Collected data

■ ■ ■ ■ ■

(* Let $\mathcal{X}=\langle x_1,\dots,x_n\rangle$ be an input sequence of $n$ colored items in which exactly $\sigma$ distinct colors appear, and let $o_1\ge o_2$ denote the number of occurrences in $\mathcal{X}$ of the most frequent and of the second most frequent color, respectively. Let $k\ge 1$ be a buffer size satisfying at least one of $$2\left\lceil \frac{k}{\sigma}\right\rceil > o_1 \qquad\text{or}\qquad \left\lceil \frac{k}{\sigma}\right\rceil > o_2 .$$ Process $\mathcal{X}$ with a buffer of size $k$ using the Most-Frequent-Color strategy (described in the context), and assume that every color selection during the run is made at a moment when the buffer contains exactly $k$ items. Then the output sequence is optimal: the items of each color appear consecutively in the output, i.e. the output consists of exactly $\sigma$ maximal monochromatic blocks (equivalently, it has exactly $\sigma-1$ color changes, the minimum possible).
   Context: Reordering buffer model (uniform cost): items of the input sequence arrive one at a time, in order, and are inserted into a buffer that can hold at most $k$ items. At any time there is a current output color. The strategy is lazy: whenever the buffer contains items of the current output color, these items are removed from the buffer and appended to the output sequence, and vacancies are refilled from the input (newly arriving items of the current output color are likewise output immediately). When the buffer contains no item of the current output color, a new output color is selected among the colors present in the buffer, and all buffer items of that color are appended to the output. The Most-Frequent-Color strategy always selects, as the new output color, a color having the largest number of items currently in the buffer (ties broken arbitrarily). The process continues until the input and the buffer are both empty. The cost of the output is the number of pairs of consecutive output items with different colors; any output must contain at least $\sigma$ maximal monochromatic blocks. *)

theory Defs
  imports Complex_Main "HOL-Library.Multiset"
begin

text \<open>Lazy reordering buffer run with the Most-Frequent-Color strategy (uniform cost).
  mfc_run k inp buf cur out full: starting from the configuration with remaining input inp,
  buffer contents buf (multiset of colors), current output color cur, the process
  (with some tie-breaking) produces the remaining output out; full is True iff every
  color selection in this run is made while the buffer holds exactly k items.\<close>

inductive mfc_run :: "nat \<Rightarrow> 'c list \<Rightarrow> 'c multiset \<Rightarrow> 'c option \<Rightarrow> 'c list \<Rightarrow> bool \<Rightarrow> bool"
  for k :: nat where
  finish: "mfc_run k [] {#} cur [] True"
| flush: "\<lbrakk> cur = Some c; count buf c > 0;
            mfc_run k inp (buf - replicate_mset (count buf c) c) cur out f \<rbrakk>
          \<Longrightarrow> mfc_run k inp buf cur (replicate (count buf c) c @ out) f"
| read: "\<lbrakk> \<forall>c. cur = Some c \<longrightarrow> count buf c = 0; size buf < k;
           mfc_run k xs (if cur = Some x then buf else add_mset x buf) cur out f \<rbrakk>
         \<Longrightarrow> mfc_run k (x # xs) buf cur (if cur = Some x then x # out else out) f"
| select: "\<lbrakk> \<forall>c'. cur = Some c' \<longrightarrow> count buf c' = 0; inp = [] \<or> size buf \<ge> k;
             count buf c > 0; \<forall>d. count buf d \<le> count buf c;
             mfc_run k inp buf (Some c) out f \<rbrakk>
           \<Longrightarrow> mfc_run k inp buf cur out (f \<and> size buf = k)"

text \<open>Occurrence counts of the colors of xs, sorted non-increasingly; occ_rank xs 0 = o_1,
  occ_rank xs 1 = o_2 (0 if there is no such color).\<close>

definition color_counts :: "'c list \<Rightarrow> nat list" where
  "color_counts xs = rev (sort (map (count_list xs) (remdups xs)))"

definition occ_rank :: "'c list \<Rightarrow> nat \<Rightarrow> nat" where
  "occ_rank xs i = (if i < length (color_counts xs) then color_counts xs ! i else 0)"

end

theory Submission
  imports Defs
begin

(* Every colour selection happens with a full buffer of k items drawn from at most \<sigma> colours,
   so the selected colour occurs at least \<lceil>k/\<sigma>\<rceil> times in the buffer and the output is a
   concatenation of monochromatic runs of length at least m = \<lceil>k/\<sigma>\<rceil>.  A colour heading r of
   these runs therefore occurs at least r m times in the input.  If 2m > o\<^sub>1, no colour can head
   two runs; if m > o\<^sub>2, at most one colour can head runs at all.  Either way no colour is
   split between two maximal blocks of the output. *)

definition run_length_decode :: "('c \<times> nat) list \<Rightarrow> 'c list" where
  "run_length_decode bs = concat (map (\<lambda>(c, n). replicate n c) bs)"

lemma run_length_decode_simps [simp]:
  "run_length_decode [] = []"
  "run_length_decode ((c, n) # bs) = replicate n c @ run_length_decode bs"
  by (simp_all add: run_length_decode_def)

lemma remdups_adj_Cons_cong:
  "remdups_adj xs = remdups_adj ys \<Longrightarrow> remdups_adj (x # xs) = remdups_adj (x # ys)"
  by (simp add: remdups_adj_Cons)

lemma remdups_adj_replicate_append:
  "remdups_adj (replicate (Suc n) x @ ys) = remdups_adj (x # ys)"
  by (induction n) auto

lemma remdups_adj_run_length_decode:
  assumes "\<forall>(c, n)\<in>set bs. 0 < n"
  shows "remdups_adj (run_length_decode bs) = remdups_adj (map fst bs)"
  using assms
proof (induction bs)
  case (Cons b bs)
  obtain c n where b: "b = (c, Suc n)"
    using Cons.prems by (cases b) (auto simp: gr0_conv_Suc)
  have "remdups_adj (run_length_decode (b # bs)) = remdups_adj (c # run_length_decode bs)"
    using remdups_adj_replicate_append[of n c "run_length_decode bs"] by (simp add: b)
  also have "\<dots> = remdups_adj (c # map fst bs)"
    using Cons by (intro remdups_adj_Cons_cong) simp
  finally show ?case by (simp add: b)
qed simp

lemma count_list_run_length_decode_ge:
  assumes "\<forall>(c, n)\<in>set bs. m \<le> n"
  shows "m * count_list (map fst bs) c \<le> count_list (run_length_decode bs) c"
  using assms by (induction bs) (auto simp: count_list_eq_length_filter)

lemma le_nth_0_if_sorted_desc:
  fixes a :: "'a :: linorder"
  assumes "sorted_wrt (\<ge>) ds" "a \<in> set ds"
  shows "a \<le> ds ! 0"
  using assms by (cases ds) auto

lemma min_le_nth_1_if_sorted_desc:
  fixes a b :: "'a :: linorder"
  assumes "sorted_wrt (\<ge>) ds" "{#a, b#} \<subseteq># mset ds"
  shows "min a b \<le> ds ! 1"
proof (cases ds)
  case (Cons z ds')
  have "a \<in> set ds' \<or> b \<in> set ds'"
  proof (cases "a = z")
    case True
    then have "{#b#} \<subseteq># mset ds'"
      using assms(2) Cons by (simp add: add_mset_commute)
    then show ?thesis by simp
  next
    case False
    have "a \<in># mset ds"
      using assms(2) by (rule mset_subset_eqD) simp
    with False Cons show ?thesis
      by simp
  qed
  moreover have "sorted_wrt (\<ge>) ds'"
    using assms(1) Cons by simp
  ultimately show ?thesis
    using le_nth_0_if_sorted_desc[of ds'] Cons by (auto simp: min_le_iff_disj)
qed (use assms(2) in simp)

lemma sorted_desc_color_counts: "sorted_wrt (\<ge>) (color_counts xs)"
  by (simp add: color_counts_def sorted_wrt_rev flip: sorted_map_same)

lemma mset_color_counts:
  "mset (color_counts xs) = image_mset (count_list xs) (mset_set (set xs))"
  using mset_set_set[of "remdups xs"] by (simp add: color_counts_def)

lemma count_list_le_occ_rank_0: "count_list xs c \<le> occ_rank xs 0"
proof (cases "c \<in> set xs")
  case True
  then have "count_list xs c \<in> set (color_counts xs)"
    by (simp add: color_counts_def)
  then show ?thesis
    using le_nth_0_if_sorted_desc[OF sorted_desc_color_counts]
    by (auto simp: occ_rank_def)
qed (simp add: count_list_0_iff)

lemma min_count_list_le_occ_rank_1:
  assumes "c \<noteq> d"
  shows "min (count_list xs c) (count_list xs d) \<le> occ_rank xs 1"
proof (cases "c \<in> set xs \<and> d \<in> set xs")
  case True
  have "{#c, d#} = mset_set {c, d}"
    using assms by simp
  also have "\<dots> \<subseteq># mset_set (set xs)"
    using True by simp
  finally have sub: "{#count_list xs c, count_list xs d#} \<subseteq># mset (color_counts xs)"
    unfolding mset_color_counts using image_mset_subseteq_mono by fastforce
  then have "1 < length (color_counts xs)"
    using size_mset_mono[OF sub] by simp
  then show ?thesis
    using min_le_nth_1_if_sorted_desc[OF sorted_desc_color_counts sub] by (simp add: occ_rank_def)
qed (auto simp: count_list_0_iff)

lemma distinct_if_occ_rank_0_less:
  assumes "occ_rank xs 0 < 2 * m" "\<And>c. m * count_list ys c \<le> count_list xs c"
  shows "distinct ys"
proof (rule ccontr)
  assume "\<not> distinct ys"
  then obtain c where "2 \<le> count_list ys c"
    by (force dest: not_distinct_decomp)
  then have "2 * m \<le> count_list xs c"
    using assms(2)[of c] by (metis mult.commute mult_le_mono2 order_trans)
  then show False
    using assms(1) count_list_le_occ_rank_0[of xs c] by linarith
qed

lemma distinct_remdups_adj_if_occ_rank_1_less:
  assumes "occ_rank xs 1 < m" "\<And>c. m * count_list ys c \<le> count_list xs c"
  shows "distinct (remdups_adj ys)"
proof (cases ys)
  case (Cons y ys')
  have heavy: "m \<le> count_list xs c" if "c \<in> set ys" for c
  proof -
    have "1 \<le> count_list ys c"
      using that count_list_0_iff[of ys c] by (auto simp: Suc_le_eq)
    then show ?thesis
      using assms(2)[of c] by (metis mult.right_neutral mult_le_mono2 order_trans)
  qed
  have "c = y" if "c \<in> set ys" for c
  proof (rule ccontr)
    assume "c \<noteq> y"
    then show False
      using min_count_list_le_occ_rank_1[of c y xs] heavy[OF that] heavy[of y] Cons assms(1)
      by auto
  qed
  then have "ys = replicate (length ys) y"
    by (simp add: replicate_length_same)
  then show ?thesis
    by (metis distinct_singleton remdups_adj_replicate distinct.simps(1))
qed simp

lemma mset_mfc_run:
  assumes "mfc_run k inp buf cur out f"
  shows "mset out = mset inp + buf"
  using assms
proof induction
  case (flush cur c buf inp out f)
  have "replicate_mset (count buf c) c \<subseteq># buf"
    using count_le_replicate_mset_subset_eq[of "count buf c" buf c] by simp
  then show ?case
    using flush.IH by (simp add: multiset_eq_iff subseteq_mset_def)
next
  case (read cur buf xs x out f)
  then show ?case by (cases "cur = Some x") simp_all
qed simp_all

lemma size_le_card_mult_max_count:
  assumes "set_mset M \<subseteq> S" "finite S" "\<forall>d. count M d \<le> count M c"
  shows "size M \<le> card S * count M c"
proof -
  have "size M = (\<Sum>d\<in>set_mset M. count M d)"
    by (rule size_multiset_overloaded_eq)
  also have "\<dots> \<le> (\<Sum>d\<in>set_mset M. count M c)"
    using assms(3) by (intro sum_mono) auto
  also have "\<dots> \<le> card S * count M c"
    using assms(1,2) by (simp add: card_mono)
  finally show ?thesis .
qed

(* The leading replicate j c is the remainder of the current run; bounding j by the buffer's
   stock of c makes a run opened at a selection as long as that colour's count in the full buffer. *)
lemma mfc_run_full_output_runs:
  assumes "mfc_run k inp buf cur out f" "f" "set_mset buf \<union> set inp \<subseteq> S" "finite S"
  shows "\<exists>j bs. out = (case cur of None \<Rightarrow> [] | Some c \<Rightarrow> replicate j c) @ run_length_decode bs
           \<and> (\<forall>c. cur = Some c \<longrightarrow> count buf c \<le> j)
           \<and> (\<forall>(c, n)\<in>set bs. 0 < n \<and> k \<le> card S * n)"
  using assms
proof induction
  case (finish cur)
  show ?case
    by (intro exI[of _ 0] exI[of _ "[]"]) (simp split: option.split)
next
  case (flush cur c buf inp out f)
  have "set_mset (buf - replicate_mset (count buf c) c) \<subseteq> set_mset buf"
    by (meson in_diffD subsetI)
  with flush obtain j bs where
    "out = replicate j c @ run_length_decode bs" "\<forall>(c, n)\<in>set bs. 0 < n \<and> k \<le> card S * n"
    by auto
  with flush.hyps(1) show ?case
    by (intro exI[of _ "count buf c + j"] exI[of _ bs]) (simp add: replicate_add)
next
  case (read cur buf xs x out f)
  then obtain j bs where
    out: "out = (case cur of None \<Rightarrow> [] | Some c \<Rightarrow> replicate j c) @ run_length_decode bs"
    and runs: "\<forall>(c, n)\<in>set bs. 0 < n \<and> k \<le> card S * n"
    by (auto split: if_splits)
  show ?case
  proof (cases "cur = Some x")
    case True
    with out runs read.hyps(1) show ?thesis
      by (intro exI[of _ "Suc j"] exI[of _ bs]) simp
  next
    case False
    with out runs read.hyps(1) show ?thesis
      by (intro exI[of _ j] exI[of _ bs]) auto
  qed
next
  case (select cur buf inp c out f)
  then obtain j bs where
    out: "out = replicate j c @ run_length_decode bs" "count buf c \<le> j"
    and runs: "\<forall>(c, n)\<in>set bs. 0 < n \<and> k \<le> card S * n"
    by auto
  have "k \<le> card S * count buf c"
    using select size_le_card_mult_max_count[of buf S c] by auto
  also have "\<dots> \<le> card S * j"
    using out(2) by simp
  finally have "k \<le> card S * j" .
  moreover have "0 < j"
    using out(2) select.hyps(3) by linarith
  ultimately show ?case
    using out runs select.hyps(1)
    by (intro exI[of _ 0] exI[of _ "(c, j) # bs"]) (auto split: option.split)
qed

lemma ceiling_divide_le_if_le_mult:
  assumes "0 < n" "k \<le> n * l"
  shows "\<lceil>real k / real n\<rceil> \<le> int l"
proof -
  have "real k \<le> real n * real l"
    using assms(2) by (metis of_nat_le_iff of_nat_mult)
  then show ?thesis
    using assms(1) by (simp add: ceiling_le_iff divide_le_eq mult.commute)
qed

theorem lemma1:
  fixes xs :: "'c list" and k :: nat
  assumes "k \<ge> 1"
    and "2 * \<lceil>real k / real (card (set xs))\<rceil> > int (occ_rank xs 0)
         \<or> \<lceil>real k / real (card (set xs))\<rceil> > int (occ_rank xs 1)"
    and "mfc_run k xs {#} None out True"
  shows "length (remdups_adj out) = card (set xs)"
proof -
  define m where "m = nat \<lceil>real k / real (card (set xs))\<rceil>"
  have "0 \<le> \<lceil>real k / real (card (set xs))\<rceil>"
    by (simp add: order.strict_trans2[of "-1" 0])
  then have M: "\<lceil>real k / real (card (set xs))\<rceil> = int m"
    by (simp add: m_def)
  have "0 < card (set xs)"
    using assms(2) by (cases "xs = []") (auto simp: card_gt_0_iff)
  obtain bs where out: "out = run_length_decode bs"
    and runs: "\<forall>(c, n)\<in>set bs. 0 < n \<and> k \<le> card (set xs) * n"
    using mfc_run_full_output_runs[OF assms(3) TrueI, of "set xs"] by auto
  have "\<forall>(c, n)\<in>set bs. m \<le> n"
    using runs ceiling_divide_le_if_le_mult[OF \<open>0 < card (set xs)\<close>] M by fastforce
  moreover have "mset out = mset xs"
    using mset_mfc_run[OF assms(3)] by simp
  ultimately have heavy: "m * count_list (map fst bs) c \<le> count_list xs c" for c
    using count_list_run_length_decode_ge[of bs m c] out by (metis count_mset)
  have "occ_rank xs 0 < 2 * m \<or> occ_rank xs 1 < m"
    using assms(2) unfolding M by linarith
  then have "distinct (remdups_adj (map fst bs))"
    using distinct_if_occ_rank_0_less[OF _ heavy] distinct_remdups_adj_if_occ_rank_1_less[OF _ heavy]
    by (auto simp: remdups_adj_distinct)
  moreover have "remdups_adj out = remdups_adj (map fst bs)"
    using runs out by (auto intro: remdups_adj_run_length_decode)
  ultimately show ?thesis
    using \<open>mset out = mset xs\<close> by (metis distinct_card remdups_adj_set mset_eq_setD)
qed

end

■ ■ ■ ■ ■

### Task to complete
Pull out all lines in the data above that include "unfolding".

### Response for this exercise
    unfolding mset_color_counts using image_mset_subseteq_mono by fastforce
    using assms(2) unfolding M by linarith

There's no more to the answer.